= Santoshrao Gode =

Indian politician (1925–2000)

Santoshrao Vyankatrao Gode (29 August 1925 – 6 February 2000) was an Indian politician and a leader of the Indian National Congress party.

== Early life ==
Gode was born to Shri Vyankatrao & Manoramabai Gode at Kharangna Gode, Wardha District on 29 August 1925. He completed his graduation in Bachelor of Arts from Morris College, Nagpur University. He was married to Smt.

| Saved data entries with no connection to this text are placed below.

theorem theoremA:
  fixes F :: "nat list \<Rightarrow> complex \<Rightarrow> complex" and z :: complex
  assumes "is_hurwitz_stuffle_hom F"
    and "z \<notin> \<int>\<^sub>\<le>\<^sub>0" and "z - 1 \<notin> \<int>\<^sub>\<le>\<^sub>0"
  shows "\<forall>w. is_word w \<longrightarrow>
           D_minus (H_series F) z w = nc_mult (Ycoef_series z) (H_series F z) w"
proof (intro allI impI)
  fix w assume w: "is_word w"
  have shift: "F w (z - 1) = head_twist (1 / (z - 1)) (\<lambda>v. F v z) w"
    using hurwitz_stuffle_hom_shift[OF assms w] .
  show "D_minus (H_series F) z w = nc_mult (Ycoef_series z) (H_series F z) w"
  proof (cases w)
    case Nil
    with shift show ?thesis
      by (simp add: D_minus_def H_series_def Ycoef_series_def nc_mult_Nil)
  next
    case (Cons k u)
    with w have "1 \<le> k" by simp
    with Cons shift show ?thesis
      by (simp add: D_minus_def H_series_def Ycoef_series_def nc_mult_Cons_letters power_one_over)
  qed
qed

end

Sindhutai Gode on 19 May 1952. They have three sons who are presently settled in Nagpur & Wardha.

== Career ==
He was a Member of the Parliament of India having been elected to the 6th Lok Sabha from Wardha Lok Sabha constituency in Maharashtra in 1977.

An avid agriculturist, he was also a member of several development committees and institutions

Gode held the following positions before being elected as the Member Of Parliament from Wardha:
- Agriculture Produce Market Committee, Wardha, 1955–1962,
- Maharashtra State Road Transport Corporation, 1976–1977,
- District Development Board, Wardha, 1957–1962,
- Director, Maharashtra State Cooperative Land Development Bank Ltd., 1973–1977,
- Maharashtra State Irrigation Committee, Bombay, Founder-Member
- Founder-Member – Mahatma Gandhi Institute of Medical Sciences
- Founder-Member – Yeshwant Education Society, Wardha (Sevagram)

- Member Janapada Sabha, Wardha, 1953–1962;
- President, Zila Parishad, Wardha, 1962–1972;
- President, District Congress Committee, Wardha;
- Member, Maharashtra Congress Committee;
- Member, Committee on Subordinate Legislation.

==Death==
Gode died in Bordharan on 6 February 2000, at the age of 74.